Haaken: Those clips serve a number of purposes. Ken Kesey often wrote about freedom - particularly the freedom of men. There's a scene in the end of the film where 'Chief' is liberated and breaks out of the window while carrying the spirit of Jack Nicholson's character. So, I've had this sort of concept all along: Once you jump out the window, where do you go now? It's not as simple as just emancipating yourself from the institution; there's a need for care as well as a need for freedom. Those clips also served as some comic relief - they tend to make people laugh, and this is heavy subject matter.

Tribune: What did you learn personally from the filming process?

Haaken: I was actually surprised at how efficiently the hospital is run. Overall I thought the staff was trying to do a good job under very difficult conditions. Also, I was surprised how many more drugs patients are taking now than when I was working in psychiatric hospitals in the '70s.

Tribune: You said you wanted to take out the 'good guy, bad guy' aspect of the situation and put less emphasis on targeting one specific figure.

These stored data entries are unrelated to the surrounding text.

(* For each positive integer $k$, let $z_k$ be the optimal value of the program \[ \max \frac{\sum_{j=1}^k \alpha_j}{f+\sum_{j=1}^k d_j}\ \text{ s.t. } \alpha_j\le\alpha_{j+1}\ (1\le j<k);\ \sqrt{\alpha_j}\le\sqrt{\alpha_l}+\sqrt{d_j}+\sqrt{d_l}\ (1\le j,l\le k);\ \sum_{l=j}^k\max(\alpha_j-d_l,0)\le f\ (1\le j\le k);\ \alpha_j,d_j,f\ge0. \] Then $\sup_{k \ge 1} z_k \ge 2.86$.
   Context: The maximum is taken over feasible points with $f+\sum_j d_j>0$. *)

theory Defs
  imports Complex_Main "HOL-Library.Extended_Real"
begin

definition feasible :: "nat \<Rightarrow> (nat \<Rightarrow> real) \<Rightarrow> (nat \<Rightarrow> real) \<Rightarrow> real \<Rightarrow> bool" where
  "feasible k \<alpha> d f \<longleftrightarrow>
     (\<forall>j. 1 \<le> j \<and> j < k \<longrightarrow> \<alpha> j \<le> \<alpha> (j + 1)) \<and>
     (\<forall>j\<in>{1..k}. \<forall>l\<in>{1..k}. sqrt (\<alpha> j) \<le> sqrt (\<alpha> l) + sqrt (d j) + sqrt (d l)) \<and>
     (\<forall>j\<in>{1..k}. (\<Sum>l=j..k. max (\<alpha> j - d l) 0) \<le> f) \<and>
     (\<forall>j\<in>{1..k}. 0 \<le> \<alpha> j \<and> 0 \<le> d j) \<and> 0 \<le> f"

definition zval :: "nat \<Rightarrow> ereal" where
  "zval k = (SUP p \<in> {(\<alpha>, d, f). feasible k \<alpha> d f \<and> f + (\<Sum>j=1..k. d j) > 0}.
      ereal ((\<Sum>j=1..k. fst p j) / (snd (snd p) + (\<Sum>j=1..k. fst (snd p) j))))"

end

theory Submission
  imports Defs
begin

text \<open>
  For a nondecreasing list \<open>u\<^sub>1 \<le> \<dots> \<le> u\<^sub>k\<close> with \<open>s \<le> 2 u\<^sub>1\<close> put \<open>\<alpha>\<^sub>j = u\<^sub>j\<^sup>2\<close> and \<open>d\<^sub>j = (u\<^sub>j - s)\<^sup>2\<close>.
  The square-root constraints then read \<open>|u\<^sub>j| \<le> |u\<^sub>l| + |u\<^sub>j - s| + |u\<^sub>l - s|\<close>, an
  instance of the triangle inequality. In the \<open>j\<close>-th capacity constraint the term of
  \<open>l \<ge> j\<close> is positive exactly when \<open>u\<^sub>l \<le> u\<^sub>j + s\<close> (as \<open>u\<^sub>l \<ge> u\<^sub>j \<ge> s - u\<^sub>j\<close>); since \<open>u\<close> is
  sorted these \<open>l\<close> form a window \<open>j..p\<^sub>j\<close> whose right end moves monotonically with \<open>j\<close>,
  so all \<open>k\<close> constraints are checked in linear time by sliding the window. An
  approximate optimum of the program for \<open>k = 748\<close>, rounded to integers with \<open>s = 10\<^sup>4\<close>
  and \<open>f = 20003836249\<close>, passes this check and has objective value \<open>2.8610\<dots>\<close>.
\<close>

lemma max_square_diff_eq:
  fixes x y :: "'a::linordered_idom"
  assumes "0 \<le> x"
  shows "max (x\<^sup>2 - y\<^sup>2) 0 = (if \<bar>y\<bar> \<le> x then x\<^sup>2 - y\<^sup>2 else 0)"
  using abs_le_square_iff[of y x] assms by auto

fun capacity_bounded :: "'a::linordered_idom \<Rightarrow> 'a \<Rightarrow> 'a list \<Rightarrow> bool" where
  "capacity_bounded s f [] = True"
| "capacity_bounded s f (x # xs) =
     ((\<Sum>y\<leftarrow>x # xs. max (x\<^sup>2 - (y - s)\<^sup>2) 0) \<le> f \<and> capacity_bounded s f xs)"

lemma capacity_bounded_iff_nth:
  "capacity_bounded s f xs \<longleftrightarrow>
     (\<forall>i<length xs. (\<Sum>y\<leftarrow>drop i xs. max ((xs ! i)\<^sup>2 - (y - s)\<^sup>2) 0) \<le> f)"
proof (induction xs)
  case (Cons x xs)
  then show ?case by (auto simp: All_less_Suc2)
qed simp

lemma sum_nth_eq_sum_list_drop:
  "(\<Sum>l=Suc m..length xs. g (xs ! (l - 1))) = (\<Sum>y\<leftarrow>drop m xs. g y)"
proof -
  have "(\<Sum>l=Suc m..length xs. g (xs ! (l - 1))) = (\<Sum>i=m..<length xs. g (xs ! i))"
    unfolding atLeastLessThanSuc_atLeastAtMost[symmetric] sum.atLeast_Suc_lessThan_Suc_shift
    by simp
  also have "\<dots> = (\<Sum>i=0..<length xs - m. g (xs ! (m + i)))"
    by (simp add: sum.atLeastLessThan_shift_0[of _ m])
  also have "\<dots> = (\<Sum>y\<leftarrow>drop m xs. g y)"
    by (simp add: sum_list_sum_nth)
  finally show ?thesis .
qed

lemma sum_list_max_square_diff_split:
  fixes x s :: "'a::linordered_idom"
  assumes "0 \<le> x" "\<forall>y\<in>set win. \<bar>y - s\<bar> \<le> x" "\<forall>y\<in>set rest. x < \<bar>y - s\<bar>"
  shows "(\<Sum>y\<leftarrow>win @ rest. max (x\<^sup>2 - (y - s)\<^sup>2) 0) = of_nat (length win) * x\<^sup>2 - (\<Sum>y\<leftarrow>win. (y - s)\<^sup>2)"
proof -
  have "(\<Sum>y\<leftarrow>win. max (x\<^sup>2 - (y - s)\<^sup>2) 0) = (\<Sum>y\<leftarrow>win. x\<^sup>2 - (y - s)\<^sup>2)"
    using assms(1,2) by (intro arg_cong[where f = sum_list] map_cong) (auto simp: max_square_diff_eq)
  moreover have "(\<Sum>y\<leftarrow>rest. max (x\<^sup>2 - (y - s)\<^sup>2) 0) = (\<Sum>y\<leftarrow>rest. 0)"
    using assms(1,3) by (intro arg_cong[where f = sum_list] map_cong) (auto simp: max_square_diff_eq)
  ultimately show ?thesis by (simp add: sum_list_subtractf sum_list_triv)
qed

lemma capacity_bounded_ConsI:
  fixes s :: "'a::linordered_idom"
  assumes split: "x # xs = win @ rest" and sorted: "sorted (x # xs)"
    and s: "0 \<le> s" "s \<le> 2 * x"
    and win: "\<forall>y\<in>set win. y \<le> x + s" and rest: "\<forall>y\<in>set rest. x + s < y"
    and bound: "of_nat (length win) * x\<^sup>2 - (\<Sum>y\<leftarrow>win. (y - s)\<^sup>2) \<le> f"
    and "capacity_bounded s f xs"
  shows "capacity_bounded s f (x # xs)"
proof -
  have "x \<le> y" if "y \<in> set (win @ rest)" for y
    using that split sorted by (metis set_ConsD sorted_simps(2) order_refl)
  then have "\<forall>y\<in>set win. \<bar>y - s\<bar> \<le> x" "\<forall>y\<in>set rest. x < \<bar>y - s\<bar>"
    using s win rest by force+
  moreover have "0 \<le> x"
    using s by simp
  ultimately have "(\<Sum>y\<leftarrow>x # xs. max (x\<^sup>2 - (y - s)\<^sup>2) 0) = of_nat (length win) * x\<^sup>2 - (\<Sum>y\<leftarrow>win. (y - s)\<^sup>2)"
    unfolding split by (intro sum_list_max_square_diff_split)
  then show ?thesis
    using bound \<open>capacity_bounded s f xs\<close> by simp
qed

I couldn't help but think of the Occupy Portland movement, which refuses to name one specific policy or institution. Do you feel as though the film has similar goals as to what the movement hopes to accomplish?

Haaken: I'm glad you caught onto that. Often I'll be pushed into supporting a particular piece of legislation, or someone will ask, 'What's the remedy?' There's a place for that, but what I'm attracted to right now about the Occupy Movement is that it is more about creating dialogue. And out of that dialogue, of course there will be reform. There needs to be some sense that these issues - problems with jobs, the bone-chilling problems with the environment, the problems with care - are all connected and not isolated.

Tribune: You just returned from filming your latest documentary in Afghanistan, 'Therapists Behind The Front Lines.' Could you tell me a little about it?

Haaken: It's similar to other projects I've been involved with in that it's about understanding work behind the walls that we've erected in our dominant society to keep people with problems out of view. The army has been particularly active in sending therapists to war zones, which has been very controversial in my field and among people in the military. People in war zones build defense mechanisms for a reason, so I began this process with a very specific question: Is this a good idea or not? And, is it really in the best interest of the soldiers?